The lines of the records that include "flip" should all be copied.

——————————

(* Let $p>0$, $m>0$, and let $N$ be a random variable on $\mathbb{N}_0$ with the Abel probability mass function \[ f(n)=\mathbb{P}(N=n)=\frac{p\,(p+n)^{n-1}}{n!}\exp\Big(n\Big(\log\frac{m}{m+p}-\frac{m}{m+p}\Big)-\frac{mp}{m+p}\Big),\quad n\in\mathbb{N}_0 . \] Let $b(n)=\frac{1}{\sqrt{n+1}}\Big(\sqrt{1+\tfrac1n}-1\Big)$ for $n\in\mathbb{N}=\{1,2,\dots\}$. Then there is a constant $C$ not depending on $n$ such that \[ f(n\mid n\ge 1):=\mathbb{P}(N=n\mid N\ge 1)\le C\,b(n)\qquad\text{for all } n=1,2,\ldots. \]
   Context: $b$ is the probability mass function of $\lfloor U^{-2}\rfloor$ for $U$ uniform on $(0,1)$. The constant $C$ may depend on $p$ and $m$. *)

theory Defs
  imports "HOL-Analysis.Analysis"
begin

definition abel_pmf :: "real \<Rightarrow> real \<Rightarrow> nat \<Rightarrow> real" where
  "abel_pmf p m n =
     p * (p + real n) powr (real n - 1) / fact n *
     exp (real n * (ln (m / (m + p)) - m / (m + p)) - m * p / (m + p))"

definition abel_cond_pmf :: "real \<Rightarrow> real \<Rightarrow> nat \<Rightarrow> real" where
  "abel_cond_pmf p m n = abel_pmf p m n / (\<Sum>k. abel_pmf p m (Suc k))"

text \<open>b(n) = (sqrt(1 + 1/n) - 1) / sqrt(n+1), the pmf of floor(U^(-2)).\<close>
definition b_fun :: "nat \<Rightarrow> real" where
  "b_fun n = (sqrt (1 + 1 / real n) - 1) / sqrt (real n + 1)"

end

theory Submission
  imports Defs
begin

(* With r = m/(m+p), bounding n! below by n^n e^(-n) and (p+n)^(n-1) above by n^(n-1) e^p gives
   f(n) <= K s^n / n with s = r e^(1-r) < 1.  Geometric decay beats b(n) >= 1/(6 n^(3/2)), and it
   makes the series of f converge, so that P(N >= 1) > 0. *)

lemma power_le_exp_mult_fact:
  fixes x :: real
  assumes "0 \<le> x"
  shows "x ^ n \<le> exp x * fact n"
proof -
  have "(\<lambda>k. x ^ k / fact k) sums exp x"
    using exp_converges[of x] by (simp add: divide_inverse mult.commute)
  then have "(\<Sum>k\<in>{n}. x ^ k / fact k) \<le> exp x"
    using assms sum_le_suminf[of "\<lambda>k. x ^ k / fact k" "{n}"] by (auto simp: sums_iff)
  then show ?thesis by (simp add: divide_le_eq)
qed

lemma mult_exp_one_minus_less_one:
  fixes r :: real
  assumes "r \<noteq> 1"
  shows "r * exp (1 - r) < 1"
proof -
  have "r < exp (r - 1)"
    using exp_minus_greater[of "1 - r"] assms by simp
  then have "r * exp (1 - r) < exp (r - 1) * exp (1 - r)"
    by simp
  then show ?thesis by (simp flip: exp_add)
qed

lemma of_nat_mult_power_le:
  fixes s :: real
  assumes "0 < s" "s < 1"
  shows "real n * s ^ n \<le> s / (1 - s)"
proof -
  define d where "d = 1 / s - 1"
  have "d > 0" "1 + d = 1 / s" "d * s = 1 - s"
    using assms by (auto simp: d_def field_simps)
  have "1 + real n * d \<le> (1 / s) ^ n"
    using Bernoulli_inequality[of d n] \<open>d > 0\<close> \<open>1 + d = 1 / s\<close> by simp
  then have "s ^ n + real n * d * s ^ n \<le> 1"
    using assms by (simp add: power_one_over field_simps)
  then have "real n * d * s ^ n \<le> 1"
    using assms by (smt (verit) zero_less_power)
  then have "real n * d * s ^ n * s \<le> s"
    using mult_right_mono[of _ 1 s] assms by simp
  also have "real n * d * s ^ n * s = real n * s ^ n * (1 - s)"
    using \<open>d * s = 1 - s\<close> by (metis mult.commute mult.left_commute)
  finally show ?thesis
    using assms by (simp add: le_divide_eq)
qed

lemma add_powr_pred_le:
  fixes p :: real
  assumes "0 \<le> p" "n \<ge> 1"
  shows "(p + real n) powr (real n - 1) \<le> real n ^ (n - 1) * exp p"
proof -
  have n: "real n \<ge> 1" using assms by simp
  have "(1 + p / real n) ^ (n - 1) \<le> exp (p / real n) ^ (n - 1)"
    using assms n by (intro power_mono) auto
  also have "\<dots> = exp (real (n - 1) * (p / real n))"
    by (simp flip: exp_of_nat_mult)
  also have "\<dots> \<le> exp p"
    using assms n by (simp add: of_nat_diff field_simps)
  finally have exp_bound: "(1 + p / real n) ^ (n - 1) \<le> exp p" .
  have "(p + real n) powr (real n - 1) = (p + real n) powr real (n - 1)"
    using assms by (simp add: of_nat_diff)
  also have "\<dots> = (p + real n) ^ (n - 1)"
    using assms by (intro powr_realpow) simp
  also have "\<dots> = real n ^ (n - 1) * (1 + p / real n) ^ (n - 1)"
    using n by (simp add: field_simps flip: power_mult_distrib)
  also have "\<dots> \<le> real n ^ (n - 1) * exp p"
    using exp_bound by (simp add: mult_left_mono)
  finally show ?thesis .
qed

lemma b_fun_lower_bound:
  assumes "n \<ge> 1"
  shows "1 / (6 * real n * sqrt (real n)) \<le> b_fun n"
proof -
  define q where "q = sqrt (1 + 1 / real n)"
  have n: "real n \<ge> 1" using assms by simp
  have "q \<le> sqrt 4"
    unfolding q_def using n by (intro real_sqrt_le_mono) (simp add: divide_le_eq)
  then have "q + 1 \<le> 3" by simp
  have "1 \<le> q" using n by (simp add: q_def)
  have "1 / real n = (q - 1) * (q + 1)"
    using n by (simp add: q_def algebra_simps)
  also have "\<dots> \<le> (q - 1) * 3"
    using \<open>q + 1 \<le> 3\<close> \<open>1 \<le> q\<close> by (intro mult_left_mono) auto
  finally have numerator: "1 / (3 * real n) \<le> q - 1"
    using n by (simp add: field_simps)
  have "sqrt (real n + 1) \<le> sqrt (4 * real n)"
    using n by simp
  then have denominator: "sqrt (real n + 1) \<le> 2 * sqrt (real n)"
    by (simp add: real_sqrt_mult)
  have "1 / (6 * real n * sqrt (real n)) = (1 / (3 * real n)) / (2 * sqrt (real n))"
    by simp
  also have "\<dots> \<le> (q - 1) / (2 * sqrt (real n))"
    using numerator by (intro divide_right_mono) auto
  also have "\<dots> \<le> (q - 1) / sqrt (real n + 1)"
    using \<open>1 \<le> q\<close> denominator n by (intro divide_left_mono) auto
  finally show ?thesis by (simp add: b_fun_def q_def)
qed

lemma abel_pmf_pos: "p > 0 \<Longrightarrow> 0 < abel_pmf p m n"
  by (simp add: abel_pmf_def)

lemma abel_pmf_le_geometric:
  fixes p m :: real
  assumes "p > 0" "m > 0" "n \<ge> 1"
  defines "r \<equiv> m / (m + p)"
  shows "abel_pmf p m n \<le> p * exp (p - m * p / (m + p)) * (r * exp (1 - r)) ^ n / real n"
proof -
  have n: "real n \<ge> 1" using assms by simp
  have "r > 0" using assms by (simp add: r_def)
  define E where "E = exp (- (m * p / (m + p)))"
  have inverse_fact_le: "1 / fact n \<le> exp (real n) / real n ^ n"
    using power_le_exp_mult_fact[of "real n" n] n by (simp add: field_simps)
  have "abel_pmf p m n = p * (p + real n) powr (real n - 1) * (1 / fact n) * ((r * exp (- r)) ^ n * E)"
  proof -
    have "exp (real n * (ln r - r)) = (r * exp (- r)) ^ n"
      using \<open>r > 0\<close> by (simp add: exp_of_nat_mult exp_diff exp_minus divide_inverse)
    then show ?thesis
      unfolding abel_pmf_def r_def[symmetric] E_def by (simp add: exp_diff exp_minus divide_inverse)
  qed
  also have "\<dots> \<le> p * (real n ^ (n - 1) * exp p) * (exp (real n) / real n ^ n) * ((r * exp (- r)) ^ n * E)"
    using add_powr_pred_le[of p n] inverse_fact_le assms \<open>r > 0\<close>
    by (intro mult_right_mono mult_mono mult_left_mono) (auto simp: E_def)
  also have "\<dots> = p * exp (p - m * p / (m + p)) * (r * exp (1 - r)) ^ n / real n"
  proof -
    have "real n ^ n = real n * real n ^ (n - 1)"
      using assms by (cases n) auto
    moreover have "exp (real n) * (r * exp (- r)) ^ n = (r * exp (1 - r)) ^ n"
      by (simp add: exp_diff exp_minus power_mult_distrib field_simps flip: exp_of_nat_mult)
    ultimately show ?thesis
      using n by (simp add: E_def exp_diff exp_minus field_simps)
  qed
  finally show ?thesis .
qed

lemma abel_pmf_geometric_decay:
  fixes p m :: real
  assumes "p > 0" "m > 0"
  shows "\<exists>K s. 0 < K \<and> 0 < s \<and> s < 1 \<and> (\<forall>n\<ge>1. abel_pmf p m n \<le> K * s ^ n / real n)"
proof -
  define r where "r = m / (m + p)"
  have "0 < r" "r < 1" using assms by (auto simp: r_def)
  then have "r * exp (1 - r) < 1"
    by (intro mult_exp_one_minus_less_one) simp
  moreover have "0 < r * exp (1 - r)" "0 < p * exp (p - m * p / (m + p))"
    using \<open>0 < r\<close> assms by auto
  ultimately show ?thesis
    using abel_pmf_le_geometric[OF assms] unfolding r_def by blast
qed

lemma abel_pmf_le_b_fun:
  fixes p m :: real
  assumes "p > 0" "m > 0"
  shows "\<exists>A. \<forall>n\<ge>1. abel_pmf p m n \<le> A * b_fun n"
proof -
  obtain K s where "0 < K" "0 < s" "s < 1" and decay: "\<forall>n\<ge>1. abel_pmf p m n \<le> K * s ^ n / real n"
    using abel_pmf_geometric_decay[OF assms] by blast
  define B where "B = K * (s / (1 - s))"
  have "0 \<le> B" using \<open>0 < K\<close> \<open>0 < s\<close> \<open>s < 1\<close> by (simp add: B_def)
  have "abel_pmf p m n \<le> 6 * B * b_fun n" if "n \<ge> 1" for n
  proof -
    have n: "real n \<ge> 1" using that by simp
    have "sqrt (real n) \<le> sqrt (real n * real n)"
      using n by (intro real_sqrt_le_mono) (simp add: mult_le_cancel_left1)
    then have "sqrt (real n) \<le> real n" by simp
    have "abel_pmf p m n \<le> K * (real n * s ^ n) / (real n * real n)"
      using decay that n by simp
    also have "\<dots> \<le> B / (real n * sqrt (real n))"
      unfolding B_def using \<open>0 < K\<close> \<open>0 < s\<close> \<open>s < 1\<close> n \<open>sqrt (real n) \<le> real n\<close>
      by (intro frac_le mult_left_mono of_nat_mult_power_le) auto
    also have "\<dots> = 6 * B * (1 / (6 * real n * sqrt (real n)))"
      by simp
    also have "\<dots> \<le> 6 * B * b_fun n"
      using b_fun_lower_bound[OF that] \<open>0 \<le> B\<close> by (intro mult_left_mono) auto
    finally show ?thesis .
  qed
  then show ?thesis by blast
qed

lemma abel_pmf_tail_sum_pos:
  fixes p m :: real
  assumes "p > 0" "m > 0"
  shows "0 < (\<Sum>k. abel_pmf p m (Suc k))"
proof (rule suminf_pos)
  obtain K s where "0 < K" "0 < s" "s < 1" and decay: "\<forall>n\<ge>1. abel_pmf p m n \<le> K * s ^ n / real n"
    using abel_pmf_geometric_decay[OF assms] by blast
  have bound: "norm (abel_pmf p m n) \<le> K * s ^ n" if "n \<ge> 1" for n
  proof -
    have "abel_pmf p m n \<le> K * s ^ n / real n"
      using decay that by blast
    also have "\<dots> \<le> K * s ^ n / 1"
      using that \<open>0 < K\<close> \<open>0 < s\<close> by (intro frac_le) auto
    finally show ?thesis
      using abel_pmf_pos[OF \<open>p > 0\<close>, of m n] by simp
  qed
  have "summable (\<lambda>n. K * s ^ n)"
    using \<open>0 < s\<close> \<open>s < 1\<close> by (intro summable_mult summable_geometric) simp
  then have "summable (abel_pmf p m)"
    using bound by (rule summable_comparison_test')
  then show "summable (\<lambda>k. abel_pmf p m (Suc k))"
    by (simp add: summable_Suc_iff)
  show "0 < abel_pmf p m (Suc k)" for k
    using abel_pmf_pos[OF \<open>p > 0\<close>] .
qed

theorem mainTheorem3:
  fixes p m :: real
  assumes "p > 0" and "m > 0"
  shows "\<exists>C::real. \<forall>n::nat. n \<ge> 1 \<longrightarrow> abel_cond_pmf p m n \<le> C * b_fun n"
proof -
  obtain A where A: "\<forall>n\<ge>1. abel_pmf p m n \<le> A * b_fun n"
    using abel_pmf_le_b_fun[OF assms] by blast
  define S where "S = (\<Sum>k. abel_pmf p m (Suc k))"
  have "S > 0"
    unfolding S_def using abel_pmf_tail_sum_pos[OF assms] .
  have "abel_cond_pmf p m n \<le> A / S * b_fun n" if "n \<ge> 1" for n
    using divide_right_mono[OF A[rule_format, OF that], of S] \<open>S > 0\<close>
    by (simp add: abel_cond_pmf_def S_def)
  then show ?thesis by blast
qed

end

——————————

YOUR RESPONSE
  then show ?thesis by (simp flip: exp_add)
    by (simp flip: exp_of_nat_mult)
    using n by (simp add: field_simps flip: power_mult_distrib)
      by (simp add: exp_diff exp_minus power_mult_distrib field_simps flip: exp_of_nat_mult)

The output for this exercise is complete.